Andrew Granville's paper Binomial coefficients modulo a prime power (you can find a copy here) has the following generalization of Lucas' Theorem:

Theorem. Let $p^q$ be a prime power, and let $n=k+r$ be given. Write $$k = k_0 + k_1p + \cdots + k_dp^d$$ in base $p$, and let $K_j$ be the least positive positive residue of $\left\lfloor \frac{k}{p^j}\right\rfloor\pmod{p^q}$ for each $j\geq 0$, so that $$K_j = k_j + k_{j+1}p + \cdots + k_{j+q-1}p^{q-1};$$ make the same definitions for $n_j$, $N_j$, $r_j$, and $R_j$. Let $e_j$ be the number of indices $i\geq j$ for which $n_i\leq k_i$ (the number of "carries" when adding $k$ and $r$ in base $p$ at or beyond the $j$th digit). Then $$\frac{1}{p^{e_0}}\binom{n}{k} \equiv (\pm 1)^{e_{q-1}}\left(\frac{(N_0!)_p}{(K_0!)_p(R_0!)_p}\right)\left(\frac{(N_1!)_p}{(K_1!)_p(R_1!)_p}\right)\cdots\left(\frac{(N_d!)_p}{(K_d!)_p(R_d!)_p}\right)\pmod{p^q},$$ where $(\pm 1)$ is $-1$ except when $p=2$ and $q\geq 3$, and $(s!)_p$ is the product of the positive integers less than or equal to $s$ that are not divisible by $p$.

Granville then writes:

[This] Theorem[] provides a quick way to compute the value of the binomial coefficients modulo arbitrary prime powers, as it is straightforward to determine each of the $n_j$, $N_j$, $e_j$, etc. and then one need only determine the value of $(s!)_p\pmod{p^q}$ with $k\lt p^q$[.]

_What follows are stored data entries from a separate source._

lemma cl_mult_mult_left_eq_sum:
  assumes "D \<subseteq> {0..<n}"
  shows "cl_mult n eta (cl_mult n eta u v) w D =
    (\<Sum>A\<in>Pow {0..<n}. \<Sum>E\<in>Pow {0..<n}. u A * v (sym_diff A E) * w (sym_diff E D) *
      (blade_sign eta A (sym_diff A E) * blade_sign eta E (sym_diff E D)))"
proof -
  have "cl_mult n eta (cl_mult n eta u v) w D =
    (\<Sum>E\<in>Pow {0..<n}. \<Sum>A\<in>Pow {0..<n}. u A * v (sym_diff A E) * w (sym_diff E D) *
      (blade_sign eta A (sym_diff A E) * blade_sign eta E (sym_diff E D)))"
    unfolding cl_mult_eq_sum[OF assms]
  proof (intro sum.cong refl)
    fix E assume "E \<in> Pow {0..<n}"
    then have E: "E \<subseteq> {0..<n}" by simp
    show "cl_mult n eta u v E * w (sym_diff E D) * blade_sign eta E (sym_diff E D) =
      (\<Sum>A\<in>Pow {0..<n}. u A * v (sym_diff A E) * w (sym_diff E D) *
        (blade_sign eta A (sym_diff A E) * blade_sign eta E (sym_diff E D)))"
      unfolding cl_mult_eq_sum[OF E] sum_distrib_right by (intro sum.cong refl) (simp add: ac_simps)
  qed
  also have "\<dots> = (\<Sum>A\<in>Pow {0..<n}. \<Sum>E\<in>Pow {0..<n}. u A * v (sym_diff A E) * w (sym_diff E D) *
      (blade_sign eta A (sym_diff A E) * blade_sign eta E (sym_diff E D)))"
    by (rule sum.swap)
  finally show ?thesis .
qed

lemma cl_mult_mult_right_eq_sum:
  assumes "D \<subseteq> {0..<n}"
  shows "cl_mult n eta u (cl_mult n eta v w) D =
    (\<Sum>A\<in>Pow {0..<n}. \<Sum>E\<in>Pow {0..<n}. u A * v (sym_diff A E) * w (sym_diff E D) *
      (blade_sign eta (sym_diff A E) (sym_diff E D) * blade_sign eta A (sym_diff A D)))"
proof -
  have "u A * cl_mult n eta v w (sym_diff A D) * blade_sign eta A (sym_diff A D) =
    (\<Sum>E\<in>Pow {0..<n}. u A * v (sym_diff A E) * w (sym_diff E D) *
      (blade_sign eta (sym_diff A E) (sym_diff E D) * blade_sign eta A (sym_diff A D)))"
    if A: "A \<subseteq> {0..<n}" for A
  proof -
    have AD: "sym_diff A D \<subseteq> {0..<n}" using A assms by auto
    have "u A * cl_mult n eta v w (sym_diff A D) * blade_sign eta A (sym_diff A D) =
      (\<Sum>B\<in>Pow {0..<n}. u A * v B * w (sym_diff B (sym_diff A D)) *
        (blade_sign eta B (sym_diff B (sym_diff A D)) * blade_sign eta A (sym_diff A D)))"
      unfolding cl_mult_eq_sum[OF AD] sum_distrib_left sum_distrib_right
      by (intro sum.cong refl) (simp add: ac_simps)
    also have "\<dots> = (\<Sum>E\<in>Pow {0..<n}. u A * v (sym_diff A E) * w (sym_diff E D) *
        (blade_sign eta (sym_diff A E) (sym_diff E D) * blade_sign eta A (sym_diff A D)))"
    proof -
      have eq: "sym_diff A (sym_diff A B) = B" "sym_diff (sym_diff A B) D = sym_diff B (sym_diff A D)"
        for B by blast+
      show ?thesis
        by (rule sum.reindex_bij_witness[where i = "sym_diff A" and j = "sym_diff A"])
          (use A in \<open>auto simp only: eq\<close>)
    qed
    finally show ?thesis .
  qed
  then show ?thesis unfolding cl_mult_eq_sum[OF assms] by (intro sum.cong refl) simp
qed

lemma cl_mult_assoc:
  "cl_mult n eta (cl_mult n eta u v) w = cl_mult n eta u (cl_mult n eta v w)"
proof
  fix D
  show "cl_mult n eta (cl_mult n eta u v) w D = cl_mult n eta u (cl_mult n eta v w) D"
  proof (cases "D \<subseteq> {0..<n}")
    case True
    have "blade_sign eta A (sym_diff A E) * blade_sign eta E (sym_diff E D) =
        blade_sign eta (sym_diff A E) (sym_diff E D) * blade_sign eta A (sym_diff A D)"
      if "A \<subseteq> {0..<n}" "E \<subseteq> {0..<n}" for A E
    proof -
      have "sym_diff A E \<subseteq> {0..<n}" "sym_diff E D \<subseteq> {0..<n}" using that True by auto
      note blade_sign_cocycle[OF finite_atLeastLessThan that(1) this, of eta]
      moreover have "sym_diff A (sym_diff A E) = E" "sym_diff (sym_diff A E) (sym_diff E D) = sym_diff A D"
        by blast+
      ultimately show ?thesis by simp
    qed
    then show ?thesis
      unfolding cl_mult_mult_left_eq_sum[OF True] cl_mult_mult_right_eq_sum[OF True]
      by (intro sum.cong refl) auto
  qed (simp add: cl_mult_outside)
qed

lemma cl_mult_one_left: "u \<in> cl_carrier n \<Longrightarrow> cl_mult n eta cl_one u = u"
proof
  fix C assume u: "u \<in> cl_carrier n"
  show "cl_mult n eta cl_one u C = u C"
  proof (cases "C \<subseteq> {0..<n}")
    case True
    then show ?thesis unfolding cl_mult_eq_sum[OF True] cl_one_def
      by (simp add: blade_sign_empty if_distrib[of "\<lambda>x. x * _"] cong: if_cong)
  qed (use u in \<open>simp add: cl_mult_outside cl_carrier_def\<close>)
qed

Once you have the value modulo prime powers, the Chinese Remainder Theorem (whose proof is almost invariably given constructively in textbooks) tells you how to find the value modulo $m$.

In the special case where $q=1$, the Theorem yields Lucas' Theorem: if $n_0$ and $m_0$ are the least nonnegative remainders of $n$ and $m$ modulo $p$, then $$\binom{n}{m} \equiv \binom{\lfloor\frac{n}{p}\rfloor}{\lfloor\frac{m}{p}\rfloor}\binom{n_0}{m_0}\pmod{p},$$ if we interpret $\binom{r}{s}=0$ when $r\lt s$.


How does the CRT put the information together? This is found in pretty much all textbooks of Elementary Number Theory that I am familiar with:

Suppose you know that $x=\binom{n}{k}$ satisfies congruences $$\begin{align*} x&\equiv a_1\pmod{m_1}\\ x&\equiv a_2\pmod{m_2}\\ &\vdots\\ x&\equiv a_r\pmod{m_r} \end{align*}$$ where $m_1,\ldots,m_r$ are pairwise coprime (e.g., pairwise distinct primes, or prime powers of pairwise distinct primes, or any other collection of integers that are pairwise coprime), and $a_1,\ldots,a_r$ are arbitrary integers.

The Chinese Remainder Theorem says that there is a unique value of $x\bmod {m_1\times\cdots\times m_r}$ that satisfies all these congruences simultaneously.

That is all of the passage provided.